Reputation: 305
I have a pandas DataFrame where one column is the trip distance a taxi has covered. Im using
value_counts()
on this column in order to see the most common trip distances.
b = df['trip_distance'].value_counts()
Object b is a pandas Series object. For the sake of completion, the first 5 rows of this Series are
1.00 21815
0.90 18915
0.80 18449
1.10 18263
1.20 17823
Where this means that the most common trip distance is 1, and it appears 21815 times and the same for the rest.
However, if I type b[0:4]
instead of printing the 4 first elements of this Series, it finds the element that corresponds to 0
trip distance, and starts printing all the trip distances until it reaches trip distance 4. Of course, if trip distance 4 comes before trip distance 0, it returns an empty Series.
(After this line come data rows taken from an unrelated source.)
lemma par_eq_pred_in_rpath:
  assumes T: "inc_tree T" and v: "v \<in> verts T" and u: "u \<in> rpath T v" "u \<noteq> Min (verts T)"
  shows "par T u = pred_in (rpath T v) u"
proof -
  have uV: "u \<in> verts T"
    using u(1) rpath_subset_verts[OF v] by auto
  have below: "{w \<in> rpath T v. w < u} = insert (par T u) (anc T (par T u))"
    using anc_eq_rpath_less[OF T v u(1)] anc_par[OF T uV u(2)] by simp
  have "par T u \<in> verts T"
    using inc_treeD(6)[OF T uV u(2)] .
  then have "Max (insert (par T u) (anc T (par T u))) = par T u"
    using anc_less[OF T] finite_subset[OF anc_subset_verts inc_treeD(1)[OF T]]
    by (intro Max_eqI) fastforce+
  then show ?thesis
    unfolding pred_in_def using below by (metis (no_types, lifting) insertI1 mem_Collect_eq)
qed

lemma anc_of_pred_in_chain:
  assumes C: "finite C" "C \<subseteq> verts T"
    and chain: "\<And>b. b \<in> C \<Longrightarrow> \<exists>w\<in>C. w < b \<Longrightarrow> par T b = pred_in C b"
  shows "b \<in> C \<Longrightarrow> a \<in> C \<Longrightarrow> a < b \<Longrightarrow> a \<in> anc T b"
proof (induction b rule: less_induct)
  case (less b)
  define p where "p = pred_in C b"
  have p: "p \<in> C" "p < b" "a \<le> p"
    using pred_in[OF C(1) less.prems(2,3)] unfolding p_def by auto
  have "par T b = p"
    using chain less.prems unfolding p_def by blast
  then have pb: "p \<in> anc T b"
    unfolding anc_def using p(1) C(2) by (auto intro!: exI[of _ 1])
  show ?case
  proof (cases "a = p")
    case False
    then have "a \<in> anc T p"
      using less.IH[OF p(2,1) less.prems(2)] p(3) by simp
    then show ?thesis using anc_trans[OF pb] by blast
  qed (use pb in simp)
qed

lemma bij_betw_pred_in:
  assumes S: "finite S"
  shows "bij_betw (pred_in S) (S - {Min S}) (S - {Max S})"
proof (rule bij_betw_imageI)
  have lt: "Min S < j" if "j \<in> S - {Min S}" for j
    using that S by (simp add: order_less_le)
  show "inj_on (pred_in S) (S - {Min S})"
  proof (rule linorder_inj_onI)
    fix j j' assume "j \<in> S - {Min S}" "j' \<in> S - {Min S}" "j < j'"
    then show "pred_in S j \<noteq> pred_in S j'"
      using pred_in[OF S, of "Min S" j] pred_in[OF S, of j j'] lt Min_in S by fastforce
  qed auto
  show "pred_in S ` (S - {Min S}) = S - {Max S}"
  proof (intro equalityI subsetI)
    fix w assume "w \<in> pred_in S ` (S - {Min S})"
    then obtain j where "j \<in> S - {Min S}" "w = pred_in S j"
      by blast
    moreover have "Min S \<in> S"
      using \<open>j \<in> S - {Min S}\<close> S Min_in by blast
    ultimately show "w \<in> S - {Max S}"
      using pred_in[OF S, of "Min S" j] lt Max_ge[OF S, of j] by fastforce
  next
    fix w assume w: "w \<in> S - {Max S}"
    define j where "j = Min {s \<in> S. w < s}"
    have "w < Max S" "Max S \<in> S"
      using w Max_ge[OF S, of w] Max_in[OF S] by (auto simp: order_less_le)
    then have ne: "{s \<in> S. w < s} \<noteq> {}"
      by blast
    have j: "j \<in> S" "w < j" "\<And>s. s \<in> S \<Longrightarrow> w < s \<Longrightarrow> j \<le> s"
      using Min_in[OF _ ne] S unfolding j_def by auto
    have "pred_in S j = w"
      using pred_in[OF S _ j(2)] w j(3) by (meson DiffD1 leD le_antisym linorder_neqE_nat)
    moreover have "j \<in> S - {Min S}"
      using j w Min_le[OF S, of w] by auto
    ultimately show "w \<in> pred_in S ` (S - {Min S})"
      by (metis image_eqI)
  qed
qed

lemma prod_pred_in:
  "finite S \<Longrightarrow> (\<Prod>j\<in>S - {Min S}. f (pred_in S j)) = (\<Prod>j\<in>S - {Max S}. f j)"
  using prod.reindex_bij_betw[OF bij_betw_pred_in] .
Nevertheless, when I try it on a custom Series
a = pd.Series([3, 1, 2, 3, 4, 4, 5]).value_counts()
Printing a
gives
4 2
3 2
5 1
2 1
1 1
and when I try to slice this series, that is, when I type a[0, 3]
I get the expected
4 2
3 2
5 1
Does anyone know why this is happening? I know this can be done with iloc/loc, im just curious about why slicing works in one list but not the other.
Thanks in advance.
Upvotes: 2
Views: 1463
Reputation: 13407
When indexing values from a Series (or rows from a dataframe) I will always recommend that you use the .loc
and .iloc
indexing accessors. Essentially by using these accessors you are explicitly telling pandas that loc
: "This slice will be based on the ordering of the index" or that iloc
: "This slice will be based on the ordering of the values". The tricky part comes when you don't use loc/iloc such as your case AND have a numeric index. When you don't use either, pandas tries to infer whether you're referring to the index ordering or the ordering of the values. Essentially, if you slice with a range of numbers, pandas assumes that you are trying to use the position of the values- ignoring the index.
import pandas as pd
data = pd.Series([5,6,7,8,9], index=range(10, 15))
print(data)
10 5
11 6
12 7
13 8
14 9
dtype: int64
Using .loc
to get values that correspond to the slice "a" to "c" from the index:
# Slice based on the index values 11 to 13
data.loc[11:13]
11 6
12 7
13 8
dtype: int64
However if we want the values based on their position in the Series, we use iloc
. You will also note that iloc
produces slices that are not inclusive of the final value (e.g. we only return elements 1 and 2, and omit 3 in the example below). Whereas in the example above using loc, we returned the elements corresponding to 11, 12, and 13 in the index.
data.iloc[1:3]
11 6
12 7
dtype: int64
Now that that has been said, I hope you understand why it's extremely unclear what this means:
data[11:13]
Are we asking pandas to find in the index where the value 11 to 13 exist and give us that slice? Or are we asking for the 12th and 13th elements of this Series? In this case, pandas used the latter (see below). However, I would encourage you to always slice into a Series or DataFrame using either loc
or .iloc
due to avoid this ambiguity.
data[11:13]
Series([], dtype: int64)
And that's just for slicing on an integer based index. Your problem comes from how pandas implements a floating type index (here's the real mind twister):
data.index = data.index.astype("float")
print(data)
10.0 5
11.0 6
12.0 7
13.0 8
14.0 9
dtype: int64
Now all of the sudden, you can do this and it returns the values as if you used .loc
:
data[11:13]
11.0 6
12.0 7
13.0 8
dtype: int64
So what gives? Essentially, decisions had to be made. There needed to be some type of default behavior for slicing into a Series, and it unfortunately depends on the index making it feel unstable across index data types. Thankfully you can avoid all of this confusion, by using loc
and iloc
.
Upvotes: 3